The Standard of Code Review document has some good guidance on resolving conflicts during code review.
All contributors must complete the Google contributor license agreement. For individual contributors, please complete the Individual Contributor License Agreement online. Corporate contributors must fill out the Corporate Contributor License Agreement and send it to us as described on that page.
Your first CL should add yourself to the AUTHORS file (unless you’re covered by one of the blanket entries).
Before LGTMing a change, ensure that the contribution can be accepted:
- Definition: The "author" is the email address that owns the code review request on https://pdfium-review.googlesource.com
- Ensure the author is already listed in AUTHORS. In some cases, the author's company might have a wildcard rule (e.g. *@google.com).
- If the author or their company is not listed, the CL should include a new
AUTHORS entry.
- Ensure the new entry is reviewed by a reviewer who works for Google.
- Contributor License Agreement can be verified by Googlers at http://go/cla
- If there is a corporate CLA for the author‘s company, it must list the person explicitly (or the list of authorized contributors must say something like "All employees"). If the author is not on their company’s roster, do not accept the change.
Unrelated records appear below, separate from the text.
(* Let $m,n$ be positive integers and $x\ge 2$ real. Define $\alpha_j\ge0$ ($1\le j\le n$) and $\beta_k\ge0$ ($1\le k\le m$) by $$\cosh\frac{\alpha_j}{2}=\frac{x}{\cos\frac{\pi(2j-1)}{4n}}-\cos\frac{\pi(2j-1)}{4n},\qquad \cosh\frac{\beta_k}{2}=\frac{x}{\cos\frac{\pi(2k-1)}{4m}}-\cos\frac{\pi(2k-1)}{4m}.$$ Then $$\prod_{j=1}^n\left(\cosh(m\alpha_j)+\cos\frac{m\pi(2j-1)}{2n}\right)=\prod_{k=1}^m\left(\cosh(n\beta_k)+\cos\frac{n\pi(2k-1)}{2m}\right).$$ *)

theory Defs
  imports "HOL-Analysis.Analysis"
begin

end

theory Submission
  imports Defs "HOL-Computational_Algebra.Fundamental_Theorem_Algebra"
begin

text \<open>
  Factoring \<open>cosh (N t) - cos (N \<psi>)\<close> over the \<open>N\<close>-th roots of unity, with \<open>N = 2m\<close> and
  \<open>t = \<alpha>\<^sub>j / 2\<close>, turns the \<open>j\<close>-th factor of the left-hand side into a constant times
  \<open>\<Prod>\<^sub>k F(\<theta>\<^sub>j, \<phi>\<^sub>k)\<close>, where \<open>\<theta>\<^sub>j = (2j-1)\<pi>/(2n)\<close>, \<open>\<phi>\<^sub>k = (2k-1)\<pi>/(2m)\<close> with \<open>k\<close> running over
  \<open>1..2m\<close>, and \<open>F(\<theta>, \<phi>) = x - (1 + cos \<theta> + cos \<phi> + cos (\<theta> + \<phi>))/2\<close> is symmetric:
  the defining equation of \<open>\<alpha>\<^sub>j\<close> is exactly what makes the factors equal to
  \<open>F(\<theta>\<^sub>j, \<phi>\<^sub>k) / cos (\<theta>\<^sub>j/2)\<close>.
  Since \<open>F(2\<pi> - \<theta>, 2\<pi> - \<phi>) = F(\<theta>, \<phi>)\<close>, the product of \<open>F\<close> over \<open>j \<le> n, k \<le> 2m\<close> equals the
  product over \<open>j \<le> 2n, k \<le> m\<close>, which by symmetry of \<open>F\<close> is what the right-hand side gives;
  the constants agree because \<open>\<Prod>\<^sub>j cos (\<theta>\<^sub>j/2)\<^sup>2 = 2\<^bsup>1-2n\<^esup>\<close>.
\<close>

lemma monom_minus_one_eq_prod_roots_unity:
  assumes "N > 0"
  shows "(\<Prod>z | z ^ N = 1. [:-z, 1:]) = (monom (1::complex) N - 1)"
proof -
  define p where "p = (monom (1::complex) N - 1)"
  have coeff_N: "coeff p N = 1" using assms unfolding p_def by (simp add: coeff_monom)
  have "degree p = N"
  proof (rule antisym)
    show "degree p \<le> N" unfolding p_def
      by (rule degree_diff_le) (auto simp: degree_monom_le)
    show "N \<le> degree p" using coeff_N by (intro le_degree) simp
  qed
  with coeff_N have lead: "lead_coeff p = 1" by simp
  have roots: "{z. poly p z = 0} = {z. z ^ N = 1}" unfolding p_def by (auto simp: poly_monom)
  have "rsquarefree p"
    unfolding rsquarefree_roots
  proof (intro allI notI)
    fix a assume a: "poly p a = 0 \<and> poly (pderiv p) a = 0"
    then have "a ^ N = 1" unfolding p_def by (simp add: poly_monom)
    then have "a \<noteq> 0" using assms by (metis power_0_left zero_neq_one neq0_conv)
    moreover have "poly (pderiv p) a = of_nat N * a ^ (N - 1)"
      unfolding p_def by (simp add: pderiv_diff pderiv_monom poly_monom)
    ultimately show False using a assms by simp
  qed
  from complex_poly_decompose_rsquarefree[OF this] lead roots show ?thesis
    unfolding p_def by simp
qed

lemma prod_minus_roots_unity:
  assumes "N > 0"
  shows "(\<Prod>k<N. w - cis (2 * pi * real k / real N)) = w ^ N - 1"
proof -
  have "(\<Prod>k<N. w - cis (2 * pi * real k / real N)) = (\<Prod>z | z ^ N = 1. w - z)"
    by (rule prod.reindex_bij_betw[OF Complex.bij_betw_roots_unity[OF assms]])
  also have "\<dots> = poly (\<Prod>z | z ^ N = 1. [:-z, 1:]) w"
    by (simp add: poly_prod)
  also have "\<dots> = w ^ N - 1"
    by (simp add: monom_minus_one_eq_prod_roots_unity[OF assms] poly_monom)
  finally show ?thesis .
qed

lemma prod_minus_cis_rotated:
  assumes "N > 0"
  shows "(\<Prod>k<N. z - cis (\<psi> + 2 * pi * real k / real N)) = z ^ N - cis (real N * \<psi>)"
proof -
  define w where "w = z / cis \<psi>"
  have "(\<Prod>k<N. z - cis (\<psi> + 2 * pi * real k / real N))
      = (\<Prod>k<N. cis \<psi> * (w - cis (2 * pi * real k / real N)))"
    by (intro prod.cong refl) (simp add: w_def algebra_simps cis_mult)
  also have "\<dots> = cis \<psi> ^ N * (w ^ N - 1)"
    by (simp add: prod.distrib prod_minus_roots_unity[OF assms])
  also have "\<dots> = z ^ N - cis \<psi> ^ N"
    by (simp add: w_def power_divide algebra_simps)
  finally show ?thesis by (simp only: Complex.DeMoivre)
qed

lemma cosh_minus_cos_eq_complex:
  "complex_of_real (cosh t - cos u) =
    (of_real (exp t) - cis u) * (of_real (exp t) - cis (-u)) / (2 * of_real (exp t))"
proof -
  have "(complex_of_real (exp t) - cis u) * (exp t - cis (-u))
      = complex_of_real (exp t ^ 2 - 2 * exp t * cos u + 1)"
    by (simp add: complex_eq_iff power2_eq_square algebra_simps cos_squared_eq)
  moreover have "cosh t - cos u = (exp t ^ 2 - 2 * exp t * cos u + 1) / (2 * exp t)"
    by (simp add: cosh_def exp_minus field_simps power2_eq_square)
  ultimately show ?thesis by simp
qed

lemma cosh_mult_minus_cos_mult_eq_prod:
  assumes "N > 0"
  shows "cosh (real N * t) - cos (real N * \<psi>)
       = 2 ^ (N - 1) * (\<Prod>k<N. cosh t - cos (\<psi> + 2 * pi * real k / real N))"
proof -
  define z where "z = complex_of_real (exp t)"
  define \<psi>\<^sub>k where "\<psi>\<^sub>k k = \<psi> + 2 * pi * real k / real N" for k
  have "z \<noteq> 0" "cnj z = z" by (simp_all add: z_def)
  have prod_plus: "(\<Prod>k<N. z - cis (\<psi>\<^sub>k k)) = z ^ N - cis (real N * \<psi>)"
    unfolding \<psi>\<^sub>k_def by (rule prod_minus_cis_rotated[OF assms])
  have prod_minus: "(\<Prod>k<N. z - cis (- \<psi>\<^sub>k k)) = z ^ N - cis (- (real N * \<psi>))"
    using arg_cong[OF prod_plus, of cnj] \<open>cnj z = z\<close> by (simp add: cis_cnj)
  have "complex_of_real (\<Prod>k<N. cosh t - cos (\<psi>\<^sub>k k))
      = (\<Prod>k<N. (z - cis (\<psi>\<^sub>k k)) * (z - cis (- \<psi>\<^sub>k k)) / (2 * z))"
    unfolding of_real_prod z_def by (intro prod.cong refl cosh_minus_cos_eq_complex)
  also have "\<dots> = (z ^ N - cis (real N * \<psi>)) * (z ^ N - cis (- (real N * \<psi>))) / (2 ^ N * z ^ N)"
    by (simp only: prod.distrib prod_dividef prod_plus prod_minus prod_constant card_lessThan)
  also have "\<dots> = (z ^ N - cis (real N * \<psi>)) * (z ^ N - cis (- (real N * \<psi>))) / (2 * z ^ N) / 2 ^ (N - 1)"
  proof -
    have "(2::complex) ^ N = 2 * 2 ^ (N - 1)" using assms by (cases N) simp_all
    then show ?thesis by (simp add: ac_simps)
  qed
  also have "\<dots> = complex_of_real ((cosh (real N * t) - cos (real N * \<psi>)) / 2 ^ (N - 1))"
    unfolding of_real_divide cosh_minus_cos_eq_complex z_def
    by (simp add: exp_of_nat_mult of_real_power)
  finally have "(\<Prod>k<N. cosh t - cos (\<psi>\<^sub>k k)) = (cosh (real N * t) - cos (real N * \<psi>)) / 2 ^ (N - 1)"
    by (simp only: of_real_eq_iff)
  then show ?thesis unfolding \<psi>\<^sub>k_def by simp
qed

lemma prod_upper_half_reflect:
  fixes n :: nat
  shows "(\<Prod>j\<in>{n..<2 * n}. g j) = (\<Prod>j<n. g (2 * n - 1 - j))"
  by (rule prod.reindex_bij_witness[of _ "\<lambda>j. 2 * n - 1 - j" "\<lambda>j. 2 * n - 1 - j"]) auto

lemma prod_lessThan_double:
  fixes n :: nat
  shows "(\<Prod>j<2 * n. g j) = (\<Prod>j<n. g j) * (\<Prod>j\<in>{n..<2 * n}. g j)"
proof -
  have split: "{..<2 * n} = {..<n} \<union> {n..<2 * n}" by auto
  show ?thesis unfolding split by (rule prod.union_disjoint) auto
qed

lemma prod_lessThan_double_reflect:
  fixes g :: "nat \<Rightarrow> 'a :: comm_monoid_mult"
  assumes "\<And>j. j < n \<Longrightarrow> g (2 * n - 1 - j) = g j"
  shows "(\<Prod>j<2 * n. g j) = (\<Prod>j<n. g j) ^ 2"
  using assms by (simp add: prod_lessThan_double prod_upper_half_reflect power2_eq_square)

text \<open>
  The involution \<open>(j, k) \<mapsto> (2n-1-j, 2m-1-k)\<close> exchanges the blocks
  \<open>j < n, m \<le> k\<close> and \<open>n \<le> j, k < m\<close> of \<open>{..<2n} \<times> {..<2m}\<close>.
\<close>
lemma prod_half_rows_eq_prod_half_cols:
  fixes F :: "nat \<Rightarrow> nat \<Rightarrow> 'a :: comm_monoid_mult"
  assumes "\<And>j k. j < 2 * n \<Longrightarrow> k < 2 * m \<Longrightarrow> F (2 * n - 1 - j) (2 * m - 1 - k) = F j k"
  shows "(\<Prod>j<n. \<Prod>k<2 * m. F j k) = (\<Prod>j<2 * n. \<Prod>k<m. F j k)"
proof -
  have "(\<Prod>j\<in>{n..<2 * n}. \<Prod>k<m. F j k) = (\<Prod>j<n. \<Prod>k<m. F (2 * n - 1 - j) k)"
    by (rule prod_upper_half_reflect)
  also have "\<dots> = (\<Prod>j<n. \<Prod>k<m. F j (2 * m - 1 - k))"
  proof (intro prod.cong refl)
    fix j k assume "j \<in> {..<n}" "k \<in> {..<m}"
    then show "F (2 * n - 1 - j) k = F j (2 * m - 1 - k)"
      using assms[of "2 * n - 1 - j" k] by simp
  qed
  also have "\<dots> = (\<Prod>j<n. \<Prod>k\<in>{m..<2 * m}. F j k)"
    by (simp add: prod_upper_half_reflect)
  finally have upper_rows: "(\<Prod>j\<in>{n..<2 * n}. \<Prod>k<m. F j k) = (\<Prod>j<n. \<Prod>k\<in>{m..<2 * m}. F j k)" .
  show ?thesis by (simp only: prod_lessThan_double prod.distrib upper_rows)
qed

text \<open>Indices start at \<open>0\<close>: the angle \<open>(2j-1)\<pi>/(2n)\<close> of the theorem is \<open>odd_angle n (j - 1)\<close>.\<close>
definition odd_angle :: "nat \<Rightarrow> nat \<Rightarrow> real" where
  "odd_angle n j = pi * (2 * real j + 1) / (2 * real n)"

lemma odd_angle_reflect:
  assumes "j < 2 * n"
  shows "odd_angle n (2 * n - 1 - j) = 2 * pi - odd_angle n j"
proof -
  have "real (2 * n - 1 - j) = 2 * real n - 1 - real j" using assms by (simp add: of_nat_diff)
  then show ?thesis using assms unfolding odd_angle_def by (simp add: field_simps)
qed

lemma cos_half_odd_angle_pos:
  assumes "j < n"
  shows "cos (odd_angle n j / 2) > 0"
proof (rule cos_gt_zero_pi)
  have "pi * (2 * real j + 1) < pi * (2 * real n)"
    using assms by (intro mult_strict_left_mono) simp_all
  then show "odd_angle n j / 2 < pi / 2"
    using assms unfolding odd_angle_def by (simp add: pos_divide_less_eq)
  have "odd_angle n j > 0"
    using assms unfolding odd_angle_def by simp
  then show "- (pi / 2) < odd_angle n j / 2"
    using pi_gt_zero by linarith
qed

definition pair_factor :: "real \<Rightarrow> real \<Rightarrow> real \<Rightarrow> real" where
  "pair_factor x \<theta> \<phi> = x - (1 + cos \<theta> + cos \<phi> + cos (\<theta> + \<phi>)) / 2"

lemma pair_factor_commute: "pair_factor x \<theta> \<phi> = pair_factor x \<phi> \<theta>"
  unfolding pair_factor_def by (simp add: add_ac)

lemma pair_factor_reflect: "pair_factor x (2 * pi - \<theta>) (2 * pi - \<phi>) = pair_factor x \<theta> \<phi>"
proof -
  have "cos (2 * pi - \<theta> + (2 * pi - \<phi>)) = cos (\<theta> + \<phi>)"
    using cos_periodic[of "- (\<theta> + \<phi>)"] by (simp add: cos_diff algebra_simps)
  then show ?thesis unfolding pair_factor_def by (simp add: cos_diff)
qed

lemma pair_factor_double_angle:
  "pair_factor x (2 * a) b = x - cos a * (cos a + cos (a + b))"
proof -
  have "1 + cos (2 * a) + cos b + cos (2 * a + b) = 2 * (cos a * (cos a + cos (a + b)))"
    unfolding cos_add[of "2 * a" b] cos_add[of a b] cos_double_cos sin_double
    by (simp add: algebra_simps power2_eq_square)
  then show ?thesis unfolding pair_factor_def by simp
qed

lemma cosh_mult_plus_cos_eq_prod_pair_factor:
  assumes "m > 0" and "cos a \<noteq> 0" and \<alpha>: "cosh (\<alpha> / 2) = x / cos a - cos a"
  shows "cosh (real m * \<alpha>) + cos (2 * real m * a)
       = 2 ^ (2 * m - 1) * (\<Prod>k<2 * m. pair_factor x (2 * a) (odd_angle m k)) / cos a ^ (2 * m)"
proof -
  \<comment> \<open>The shift by \<open>\<pi>/(2m)\<close> turns \<open>-cos\<close> into \<open>+cos\<close> and the roots of unity into odd angles.\<close>
  define \<psi> where "\<psi> = a + pi / (2 * real m)"
  have "real (2 * m) * \<psi> = 2 * real m * a + pi"
    using assms(1) by (simp add: \<psi>_def field_simps)
  then have "cos (real (2 * m) * \<psi>) = - cos (2 * real m * a)"
    by (simp add: cos_periodic_pi)
  moreover have "cosh (\<alpha> / 2) - cos (\<psi> + 2 * pi * real k / real (2 * m))
      = pair_factor x (2 * a) (odd_angle m k) / cos a" for k
  proof -
    have "\<psi> + 2 * pi * real k / real (2 * m) = a + odd_angle m k"
      using assms(1) unfolding \<psi>_def odd_angle_def by (simp add: field_simps)
    then show ?thesis
      using assms(2) unfolding \<alpha> pair_factor_double_angle by (simp add: field_simps)
  qed
  ultimately show ?thesis
    using cosh_mult_minus_cos_mult_eq_prod[of "2 * m" "\<alpha> / 2" \<psi>] assms(1)
    by (simp add: prod_dividef)
qed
The PDFium code base has been around in one form or another for a long time. As such, there is a lot of legacy hidden in the existing code. There are surprising interactions and untested corners of the code. We are actively working on increasing code coverage on the existing code, and especially welcome additions which move the coverage upwards. All new code should come with tests (either unit tests or integration tests depending on the feature).
As part of this legacy nature, there is a good chance the code you’re working with wasn’t designed to do what you need it to do. There are often refactorings and bug fixes that end up happening along with feature development. Those fixes/refactorings should be pulled out to their own changes with the appropriate tests. This will make reviews a lot easier as, currently, it can be hard to tell if there are far reaching effects of a given change.
There is a lot of existing technical debt that is being paid down in PDFium, anything we can do here to make future development easier is a great benefit to the project. This debt means means code reviews can take a bit longer if research is needed to determine how a feature change will interact with the rest of the system.